There is so much we can do. And for people of faith, there is much we are called to do.
“The truth is, you weren't just saved from something. You were saved for something: for justice, for healing, for mercy, for wholeness, community, for love that looks like Jesus.” Speaking to more than 100,000 followers across social media platforms, Fr. Yoo’s message makes it clear. As we are saved, so we are called.
“Your Friendly Neighborhood (Episcopal) Priest” (as he describes himself in his bio) is one of a growing number of religious leaders taking to social media to share their insight informally and relatably. They aren’t just theologians preaching, they are servant leaders meeting people where they’re at: online and afraid.
We aren’t just looking for doctrine, we’re looking for guidance. We don’t want to go it alone. Fortunately, Fr. Yoo feels like one of your kindest, wisest friends. He is open-minded, openhearted, and speaks to the high stakes.
“Salvation isn't a ‘Get Out of Hell Free’ card. It's a call to live like Heaven here, and now. Jesus didn't save you just to keep you safe,” Fr. Yoo tells us before explaining something extraordinarily unexpected.
“He saved you to make you dangerous: dangerous to evil, dangerous to despair, dangerous to anything that keeps people from wholeness and hope.”
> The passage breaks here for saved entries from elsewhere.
(* Let $X$ be a topological space whose frame of open sets has a presentation $\mathcal{O}X=\langle G\mid R\rangle$, with quotient frame homomorphism $\overline{q}\colon\mathcal{O}(\Sigma^G)\to\mathcal{O}X$. Give $\mathcal{O}(\Sigma^G)$ and $\mathcal{O}X$ their Scott topologies, and let $\widetilde{\mathrm{ev}}\colon\mathcal{O}(\Sigma^G)\times X\to\Sigma$ be the continuous map with $\widetilde{\mathrm{ev}}(m,x)=\top$ iff $x\in\overline{q}(m)$. Suppose $\overline{q}$ has a continuous section $s\colon\mathcal{O}X\to\mathcal{O}(\Sigma^G)$ (i.e. $\overline{q}\circ s=\mathrm{id}$). Then $\mathcal{O}X$ with the Scott topology, together with the evaluation map $\widetilde{\mathrm{ev}}\circ(s\times X)$ (which sends $(U,x)$ to $\top$ iff $x\in U$), is the exponential $\Sigma^X$ in the category $\mathrm{Top}$ of topological spaces; in particular $X$ is locally compact (i.e. $\mathcal{O}X$ is a continuous lattice).
   Context: Frames: complete lattices where finite meets distribute over arbitrary joins. $\Sigma$ is Sierpiński space $\{\bot,\top\}$ with open sets $\emptyset,\{\top\},\{\bot,\top\}$. For a set $G$, $\mathcal{O}(\Sigma^G)$ is the free frame on $G$. A presentation $\mathcal{O}X=\langle G\mid R\rangle$ means the frame of opens of $X$ is the quotient of the free frame on $G$ by the congruence generated by the relations $R$, with quotient map $\overline{q}$; a point $x\in X$ "lies in" $m\in\mathcal{O}(\Sigma^G)$ iff $x\in\overline{q}(m)$. Scott topology: $V$ is open iff it is an upset and whenever the join of a directed set lies in $V$ some member of the set does. The way-below relation: $a\ll b$ iff whenever $b\le\bigvee D$ for directed $D$, $a\le d$ for some $d\in D$; a lattice is continuous if every $b$ is the directed join of $\{a\mid a\ll b\}$. *)

theory Defs
  imports "HOL-Analysis.Analysis"
begin

definition sierpinski :: "bool topology" where
  "sierpinski = topology (\<lambda>U. U \<in> {{}, {True}, UNIV})"

text \<open>The space Sigma^G (product of copies of Sierpinski space indexed by G);
  its frame of opens is the free frame on G.\<close>
definition sigma_pow :: "'g set \<Rightarrow> ('g \<Rightarrow> bool) topology" where
  "sigma_pow G = product_topology (\<lambda>_. sierpinski) G"

definition opens :: "'a topology \<Rightarrow> 'a set set" where
  "opens T = {U. openin T U}"

definition directed_fam :: "'a set set \<Rightarrow> bool" where
  "directed_fam D \<longleftrightarrow> D \<noteq> {} \<and> (\<forall>a\<in>D. \<forall>b\<in>D. \<exists>c\<in>D. a \<subseteq> c \<and> b \<subseteq> c)"

text \<open>Scott topology on a complete lattice L of sets in which joins are unions
  (as is the case for a frame of opens).\<close>
definition scott_open :: "'a set set \<Rightarrow> 'a set set \<Rightarrow> bool" where
  "scott_open L V \<longleftrightarrow> V \<subseteq> L \<and> (\<forall>U\<in>V. \<forall>W\<in>L. U \<subseteq> W \<longrightarrow> W \<in> V)
     \<and> (\<forall>D. D \<subseteq> L \<and> directed_fam D \<and> \<Union>D \<in> V \<longrightarrow> (\<exists>d\<in>D. d \<in> V))"

definition scott_topology :: "'a set set \<Rightarrow> 'a set topology" where
  "scott_topology L = topology (scott_open L)"

definition way_below :: "'a set set \<Rightarrow> 'a set \<Rightarrow> 'a set \<Rightarrow> bool" where
  "way_below L a b \<longleftrightarrow> (\<forall>D. D \<subseteq> L \<and> directed_fam D \<and> b \<subseteq> \<Union>D \<longrightarrow> (\<exists>d\<in>D. a \<subseteq> d))"

definition continuous_lattice :: "'a set set \<Rightarrow> bool" where
  "continuous_lattice L \<longleftrightarrow> (\<forall>b\<in>L. directed_fam {a\<in>L. way_below L a b}
      \<and> b = \<Union>{a\<in>L. way_below L a b})"

definition frame_hom :: "'a topology \<Rightarrow> 'b topology \<Rightarrow> ('a set \<Rightarrow> 'b set) \<Rightarrow> bool" where
  "frame_hom T S h \<longleftrightarrow> (\<forall>U. openin T U \<longrightarrow> openin S (h U))
     \<and> h (topspace T) = topspace S
     \<and> (\<forall>U V. openin T U \<longrightarrow> openin T V \<longrightarrow> h (U \<inter> V) = h U \<inter> h V)
     \<and> (\<forall>\<U>. (\<forall>U\<in>\<U>. openin T U) \<longrightarrow> h (\<Union>\<U>) = \<Union>(h ` \<U>))"

definition frame_congruence :: "'a topology \<Rightarrow> ('a set \<times> 'a set) set \<Rightarrow> bool" where
  "frame_congruence T \<theta> \<longleftrightarrow> equiv (opens T) \<theta>
     \<and> (\<forall>U U' V V'. (U, U') \<in> \<theta> \<longrightarrow> (V, V') \<in> \<theta> \<longrightarrow> (U \<inter> V, U' \<inter> V') \<in> \<theta>)
     \<and> (\<forall>P. P \<subseteq> \<theta> \<longrightarrow> (\<Union>(fst ` P), \<Union>(snd ` P)) \<in> \<theta>)"

definition congruence_generated :: "'a topology \<Rightarrow> ('a set \<times> 'a set) set \<Rightarrow> ('a set \<times> 'a set) set" where
  "congruence_generated T R = \<Inter>{\<theta>. frame_congruence T \<theta> \<and> R \<subseteq> \<theta>}"

definition is_presentation ::
  "'x topology \<Rightarrow> 'g set \<Rightarrow> (('g \<Rightarrow> bool) set \<times> ('g \<Rightarrow> bool) set) set
     \<Rightarrow> (('g \<Rightarrow> bool) set \<Rightarrow> 'x set) \<Rightarrow> bool" where
  "is_presentation X G R q \<longleftrightarrow>
     R \<subseteq> opens (sigma_pow G) \<times> opens (sigma_pow G)
     \<and> frame_hom (sigma_pow G) X q
     \<and> q ` opens (sigma_pow G) = opens X
     \<and> {(U, V). U \<in> opens (sigma_pow G) \<and> V \<in> opens (sigma_pow G) \<and> q U = q V}
         = congruence_generated (sigma_pow G) R"

end

(* Every b in O X is q (s b), and s b is the directed union of the compact open boxes of
   Sigma^G inside it. As q preserves joins and the Scott continuous s pulls back the Scott
   open filter of a compact set K, every Scott neighbourhood V of b contains some a = q K such
   that b lies in the Scott interior of the principal filter of a. This interpolation property
   alone yields that O X is a continuous lattice, that evaluation is jointly continuous, and
   that the transpose y \<mapsto> {x. f (y, x)} of a continuous f : Y \<times> X \<rightarrow> Sigma is Scott
   continuous; uniqueness of the transpose holds because evaluation recovers membership. *)

theory Submission
  imports Defs
begin

lemma directed_famI:
  assumes "d \<in> D" "\<And>a b. a \<in> D \<Longrightarrow> b \<in> D \<Longrightarrow> \<exists>c\<in>D. a \<subseteq> c \<and> b \<subseteq> c"
  shows "directed_fam D"
  unfolding directed_fam_def using assms by auto

lemma directed_famD:
  assumes "directed_fam D"
  shows directed_fam_nonempty: "\<exists>d. d \<in> D"
    and directed_fam_upper_bound: "a \<in> D \<Longrightarrow> b \<in> D \<Longrightarrow> \<exists>c\<in>D. a \<subseteq> c \<and> b \<subseteq> c"
  using assms unfolding directed_fam_def by auto

lemma directed_fam_Un_closed:
  assumes "d \<in> D" "\<And>a b. a \<in> D \<Longrightarrow> b \<in> D \<Longrightarrow> a \<union> b \<in> D"
  shows "directed_fam D"
  using assms by (intro directed_famI) blast+

lemma scott_openD:
  assumes "scott_open L V"
  shows scott_open_subset: "V \<subseteq> L"
    and scott_open_upward: "U \<in> V \<Longrightarrow> W \<in> L \<Longrightarrow> U \<subseteq> W \<Longrightarrow> W \<in> V"
    and scott_open_directed: "D \<subseteq> L \<Longrightarrow> directed_fam D \<Longrightarrow> \<Union>D \<in> V \<Longrightarrow> \<exists>d\<in>D. d \<in> V"
  using assms unfolding scott_open_def by blast+

lemma scott_openI:
  assumes "V \<subseteq> L" "\<And>U W. U \<in> V \<Longrightarrow> W \<in> L \<Longrightarrow> U \<subseteq> W \<Longrightarrow> W \<in> V"
    "\<And>D. D \<subseteq> L \<Longrightarrow> directed_fam D \<Longrightarrow> \<Union>D \<in> V \<Longrightarrow> \<exists>d\<in>D. d \<in> V"
  shows "scott_open L V"
  unfolding scott_open_def using assms by blast

lemma istopology_scott_open: "istopology (scott_open L)"
  unfolding istopology_def
proof (intro conjI allI impI)
  fix S T assume S: "scott_open L S" and T: "scott_open L T"
  show "scott_open L (S \<inter> T)"
  proof (rule scott_openI)
    fix D assume D: "D \<subseteq> L" "directed_fam D" "\<Union>D \<in> S \<inter> T"
    then obtain d1 d2 where "d1 \<in> D" "d1 \<in> S" "d2 \<in> D" "d2 \<in> T"
      using scott_open_directed[OF S] scott_open_directed[OF T] by blast
    moreover from this obtain c where "c \<in> D" "d1 \<subseteq> c" "d2 \<subseteq> c"
      using directed_fam_upper_bound[OF D(2)] by blast
    ultimately show "\<exists>d\<in>D. d \<in> S \<inter> T"
      using D(1) scott_open_upward[OF S] scott_open_upward[OF T] by blast
  qed (use scott_open_subset[OF S] scott_open_upward[OF S] scott_open_upward[OF T] in blast)+
next
  fix \<K> assume "\<forall>K\<in>\<K>. scott_open L K"
  then show "scott_open L (\<Union>\<K>)"
    by (intro scott_openI) (blast dest: scott_open_subset scott_open_upward scott_open_directed)+
qed

lemma openin_scott_topology: "openin (scott_topology L) V \<longleftrightarrow> scott_open L V"
  unfolding scott_topology_def by (simp only: topology_inverse'[OF istopology_scott_open])

lemma topspace_scott_topology: "topspace (scott_topology L) = L"
proof -
  have "scott_open L L"
    by (rule scott_openI) (blast dest: directed_fam_nonempty)+
  then show ?thesis
    unfolding topspace_def openin_scott_topology by (blast dest: scott_open_subset)
qed

lemma opens_Union: "D \<subseteq> opens X \<Longrightarrow> \<Union>D \<in> opens X"
  unfolding opens_def by (auto intro: openin_Union)

lemma scott_open_contains_point: "scott_open (opens X) {U \<in> opens X. x \<in> U}"
  by (rule scott_openI) blast+

lemma directed_fam_finite_Union_le:
  assumes "directed_fam D" "finite F" "F \<subseteq> D"
  shows "\<exists>d\<in>D. \<Union>F \<subseteq> d"
  using assms(2,3)
proof (induction F rule: finite_induct)
  case empty
  then show ?case
    using directed_fam_nonempty[OF assms(1)] by auto
next
  case (insert x F)
  then obtain d where "d \<in> D" "\<Union>F \<subseteq> d"
    by auto
  moreover obtain c where "c \<in> D" "x \<subseteq> c" "d \<subseteq> c"
    using directed_fam_upper_bound[OF assms(1) _ \<open>d \<in> D\<close>, of x] insert.prems by auto
  ultimately show ?case by auto
qed

lemma scott_open_compact_upset:
  assumes "compactin T K"
  shows "scott_open (opens T) {W \<in> opens T. K \<subseteq> W}"
proof (rule scott_openI)
  fix D assume D: "D \<subseteq> opens T" "directed_fam D" "\<Union>D \<in> {W \<in> opens T. K \<subseteq> W}"
  have "\<forall>U\<in>D. openin T U"
    using D(1) unfolding opens_def by blast
  moreover have "K \<subseteq> \<Union>D"
    using D(3) by blast
  ultimately obtain F where F: "finite F" "F \<subseteq> D" "K \<subseteq> \<Union>F"
    using assms unfolding compactin_def by blast
  then obtain d where "d \<in> D" "\<Union>F \<subseteq> d"
    using directed_fam_finite_Union_le[OF D(2) F(1,2)] by auto
  then show "\<exists>d\<in>D. d \<in> {W \<in> opens T. K \<subseteq> W}"
    using D(1) F(3) by (intro bexI[of _ d]) auto
qed auto

lemma openin_sierpinski: "openin sierpinski U \<longleftrightarrow> U \<in> {{}, {True}, UNIV}"
proof -
  have "istopology (\<lambda>U. U \<in> {{}, {True}, UNIV :: bool set})"
    unfolding istopology_def
  proof (intro conjI allI impI)
    fix \<K> :: "bool set set" assume "\<forall>K\<in>\<K>. K \<in> {{}, {True}, UNIV}"
    then show "\<Union>\<K> \<in> {{}, {True}, UNIV}" by fast
  qed auto
  then show ?thesis unfolding sierpinski_def by simp
qed

lemma topspace_sierpinski: "topspace sierpinski = UNIV"
  using openin_subset[of sierpinski UNIV] by (auto simp: openin_sierpinski)

lemma continuous_map_sierpinski_iff:
  "continuous_map T sierpinski f \<longleftrightarrow> openin T {x \<in> topspace T. f x}"
proof
  assume "continuous_map T sierpinski f"
  then have "openin T {x \<in> topspace T. f x \<in> {True}}"
    by (simp add: continuous_map_def openin_sierpinski)
  then show "openin T {x \<in> topspace T. f x}" by simp
next
  assume "openin T {x \<in> topspace T. f x}"
  moreover have "{x \<in> topspace T. f x \<in> {True}} = {x \<in> topspace T. f x}" by auto
  ultimately show "continuous_map T sierpinski f"
    by (auto simp: continuous_map_def openin_sierpinski topspace_sierpinski)
qed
Modern Christians do not think of themselves as dangerous. Though they claim to “not want to get political,” when it comes to Black Lives, LGBTQ rights, and asylum seekers and refugees, they are ready to do battle for pro-life legislation and the Second Amendment.
But “politics” is just a structural term for humanity, and not just our own, but the deep and expansive humanity of our neighbors. And we are called to serve them. All of them. Especially when they are in danger. That includes pregnant girls and women, People of Color, immigrants, refugees, asylum seekers, and our LGBTQ neighbors.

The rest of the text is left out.